#### EXERCISE DATA ####

(* Let $A$ be an enriched matrix. If $A$ admits a suitable LR-ordering, then $A$ contains none of the following enriched matrices (all of whose rows are unlabeled and uncolored) as a subconfiguration: $M_0=\begin{pmatrix}1&0&1&1\\1&1&1&0\\0&1&1&1\end{pmatrix}$, $M_{II}(4)=\begin{pmatrix}0&1&1&1\\1&1&0&0\\0&1&1&0\\1&1&0&1\end{pmatrix}$, $M_V=\begin{pmatrix}1&1&0&0&0\\0&0&1&1&0\\1&1&1&1&0\\1&0&0&1&1\end{pmatrix}$, and $S_0(k)$ for any even $k\geq 4$, where $S_0(k)$ is the $(k+1)\times k$ $(0,1)$-matrix whose first row has a $1$ in every column, whose $(j+1)$-th row, for $j=1,\dots,k-1$, has $1$'s exactly in columns $j$ and $j+1$, and whose last row has $1$'s exactly in columns $1$ and $k$.
   Context: Rows of a $(0,1)$-matrix are identified with the set of columns in which they have a $1$; a row is empty if it has no $1$. An enriched matrix is a $(0,1)$-matrix together with an assignment of labels and colors to some (possibly none) of its rows such that: each row is either unlabeled or labeled with one of L, R, LR (an LR-row, L-row, R-row is a row labeled LR, L, R respectively); each row is either uncolored or colored red or blue; the only rows that may be colored are those labeled L or R and the empty LR-rows; and all empty LR-rows are colored with the same color. A row is a non-LR-row if it is not an LR-row. An LR-ordering of an enriched matrix $A$ is a linear ordering $\Pi$ of its columns such that: (1) in $\Pi$ the $1$'s of every non-LR-row appear consecutively; (2) the $1$'s of every nonempty L-row start in the first column of $\Pi$, and the $1$'s of every nonempty R-row end in the last column of $\Pi$; (3) in $\Pi$ the $1$'s of the complement of every LR-row (obtained by interchanging $0$'s and $1$'s) appear consecutively. Blocks with respect to an LR-ordering $\Pi$: for each row labeled L or LR having a $1$ in the first column of $\Pi$, its L-block is the maximal set of consecutive columns of $\Pi$, starting in the first column, on which the row has a $1$; R-blocks are defined analogously for rows labeled R or LR having a $1$ in the last column of $\Pi$ (maximal set of consecutive columns ending in the last column on which the row has a $1$); for each unlabeled row, its U-block is the set of columns in which it has a $1$. An LR-ordering is suitable if: the L-blocks of those LR-rows with exactly two blocks are disjoint from every R-block; the R-blocks of those LR-rows with exactly two blocks are disjoint from every L-block; and for each LR-row and each U-block, the U-block has empty intersection with either the L-block or the R-block of that LR-row. For enriched matrices $A$ and $B$, $B$ is a subconfiguration of $A$ if $B$ equals some submatrix of $A$ up to permutations of rows and/or columns, with the labels and colors of the rows remaining the same. *)

theory Defs
  imports Main
begin

datatype label = LabL | LabR | LabLR
datatype color = Red | Blue

(* A row: set of columns where it has a 1, optional label, optional colour *)
type_synonym erow = "nat set \<times> label option \<times> color option"

(* An enriched matrix: number of columns (columns are 0..<ncols) and list of rows *)
record emat =
  ncols :: nat
  rows :: "erow list"

definition ones :: "erow \<Rightarrow> nat set" where "ones r = fst r"
definition lab :: "erow \<Rightarrow> label option" where "lab r = fst (snd r)"
definition col :: "erow \<Rightarrow> color option" where "col r = snd (snd r)"

definition enriched :: "emat \<Rightarrow> bool" where
  "enriched A \<longleftrightarrow>
     (\<forall>r\<in>set (rows A). ones r \<subseteq> {0..<ncols A}) \<and>
     (\<forall>r\<in>set (rows A). col r \<noteq> None \<longrightarrow>
         (lab r = Some LabL \<or> lab r = Some LabR \<or> (lab r = Some LabLR \<and> ones r = {}))) \<and>
     (\<forall>r\<in>set (rows A). \<forall>s\<in>set (rows A).
         lab r = Some LabLR \<and> ones r = {} \<and> lab s = Some LabLR \<and> ones s = {} \<longrightarrow>
         col r \<noteq> None \<and> col r = col s)"

(* An ordering of the columns: p i is the column in position i (positions 0..<n) *)
definition positions :: "nat \<Rightarrow> (nat \<Rightarrow> nat) \<Rightarrow> nat set \<Rightarrow> nat set" where
  "positions n p S = {i. i < n \<and> p i \<in> S}"

definition consec :: "nat set \<Rightarrow> bool" where
  "consec P \<longleftrightarrow> (\<forall>i j k. i \<in> P \<and> k \<in> P \<and> i \<le> j \<and> j \<le> k \<longrightarrow> j \<in> P)"

definition LR_ordering :: "emat \<Rightarrow> (nat \<Rightarrow> nat) \<Rightarrow> bool" where
  "LR_ordering A p \<longleftrightarrow>
     bij_betw p {0..<ncols A} {0..<ncols A} \<and>
     (\<forall>r\<in>set (rows A). lab r \<noteq> Some LabLR \<longrightarrow> consec (positions (ncols A) p (ones r))) \<and>
     (\<forall>r\<in>set (rows A). lab r = Some LabL \<and> ones r \<noteq> {} \<longrightarrow>
         0 \<in> positions (ncols A) p (ones r)) \<and>
     (\<forall>r\<in>set (rows A). lab r = Some LabR \<and> ones r \<noteq> {} \<longrightarrow>
         ncols A - 1 \<in> positions (ncols A) p (ones r)) \<and>
     (\<forall>r\<in>set (rows A). lab r = Some LabLR \<longrightarrow>
         consec (positions (ncols A) p ({0..<ncols A} - ones r)))"

definition Lblock :: "nat \<Rightarrow> (nat \<Rightarrow> nat) \<Rightarrow> nat set \<Rightarrow> nat set" where
  "Lblock n p S = p ` {i. i < n \<and> (\<forall>j\<le>i. p j \<in> S)}"

definition Rblock :: "nat \<Rightarrow> (nat \<Rightarrow> nat) \<Rightarrow> nat set \<Rightarrow> nat set" where
  "Rblock n p S = p ` {i. i < n \<and> (\<forall>j. i \<le> j \<and> j < n \<longrightarrow> p j \<in> S)}"

(* an LR-row has exactly two blocks: 1 in first and last column, and not all columns are 1 *)
definition two_blocks :: "nat \<Rightarrow> (nat \<Rightarrow> nat) \<Rightarrow> nat set \<Rightarrow> bool" where
  "two_blocks n p S \<longleftrightarrow> 0 < n \<and> p 0 \<in> S \<and> p (n - 1) \<in> S \<and> \<not> {0..<n} \<subseteq> S"

definition suitable_LR_ordering :: "emat \<Rightarrow> (nat \<Rightarrow> nat) \<Rightarrow> bool" where
  "suitable_LR_ordering A p \<longleftrightarrow> LR_ordering A p \<and>
     (let n = ncols A in
     (\<forall>r\<in>set (rows A). \<forall>s\<in>set (rows A).
        lab r = Some LabLR \<and> two_blocks n p (ones r) \<and> lab s \<in> {Some LabR, Some LabLR} \<longrightarrow>
        Lblock n p (ones r) \<inter> Rblock n p (ones s) = {}) \<and>
     (\<forall>r\<in>set (rows A). \<forall>s\<in>set (rows A).
        lab r = Some LabLR \<and> two_blocks n p (ones r) \<and> lab s \<in> {Some LabL, Some LabLR} \<longrightarrow>
        Rblock n p (ones r) \<inter> Lblock n p (ones s) = {}) \<and>
     (\<forall>r\<in>set (rows A). \<forall>u\<in>set (rows A).
        lab r = Some LabLR \<and> lab u = None \<longrightarrow>
        ones u \<inter> Lblock n p (ones r) = {} \<or> ones u \<inter> Rblock n p (ones r) = {}))"

definition subconf :: "emat \<Rightarrow> emat \<Rightarrow> bool" where
  "subconf B A \<longleftrightarrow> (\<exists>f g.
      inj_on f {0..<length (rows B)} \<and> f ` {0..<length (rows B)} \<subseteq> {0..<length (rows A)} \<and>
      inj_on g {0..<ncols B} \<and> g ` {0..<ncols B} \<subseteq> {0..<ncols A} \<and>
      (\<forall>i<length (rows B).
         lab (rows B ! i) = lab (rows A ! f i) \<and> col (rows B ! i) = col (rows A ! f i) \<and>
         (\<forall>c<ncols B. c \<in> ones (rows B ! i) \<longleftrightarrow> g c \<in> ones (rows A ! f i))))"

definition of01 :: "nat \<Rightarrow> nat list list \<Rightarrow> emat" where
  "of01 k xss = \<lparr> ncols = k,
      rows = map (\<lambda>xs. ({j. j < length xs \<and> xs ! j = 1}, None, None)) xss \<rparr>"

definition M0 :: emat where
  "M0 = of01 4 [[1,0,1,1],[1,1,1,0],[0,1,1,1]]"

definition MII4 :: emat where
  "MII4 = of01 4 [[0,1,1,1],[1,1,0,0],[0,1,1,0],[1,1,0,1]]"

definition MV :: emat where
  "MV = of01 5 [[1,1,0,0,0],[0,0,1,1,0],[1,1,1,1,0],[1,0,0,1,1]]"

(* S_0(k), 0-based columns: first row all ones, rows j (1<=j<=k-1) have ones in columns
   j-1, j, last row has ones in columns 0 and k-1 *)
definition S0 :: "nat \<Rightarrow> emat" where
  "S0 k = \<lparr> ncols = k,
     rows = [({0..<k}, None, None)] @ map (\<lambda>j. ({j - 1, j}, None, None)) [1..<k]
            @ [({0, k - 1}, None, None)] \<rparr>"

end

theory Submission
  imports Defs
begin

####

What should appear is an exact copy of the lines from the one with "xss = \<lparr>" through the end of the entries above, ends included, and no other text.

  "of01 k xss = \<lparr> ncols = k,
      rows = map (\<lambda>xs. ({j. j < length xs \<and> xs ! j = 1}, None, None)) xss \<rparr>"

definition M0 :: emat where
  "M0 = of01 4 [[1,0,1,1],[1,1,1,0],[0,1,1,1]]"

definition MII4 :: emat where
  "MII4 = of01 4 [[0,1,1,1],[1,1,0,0],[0,1,1,0],[1,1,0,1]]"

definition MV :: emat where
  "MV = of01 5 [[1,1,0,0,0],[0,0,1,1,0],[1,1,1,1,0],[1,0,0,1,1]]"

(* S_0(k), 0-based columns: first row all ones, rows j (1<=j<=k-1) have ones in columns
   j-1, j, last row has ones in columns 0 and k-1 *)
definition S0 :: "nat \<Rightarrow> emat" where
  "S0 k = \<lparr> ncols = k,
     rows = [({0..<k}, None, None)] @ map (\<lambda>j. ({j - 1, j}, None, None)) [1..<k]
            @ [({0, k - 1}, None, None)] \<rparr>"

end

theory Submission
  imports Defs
begin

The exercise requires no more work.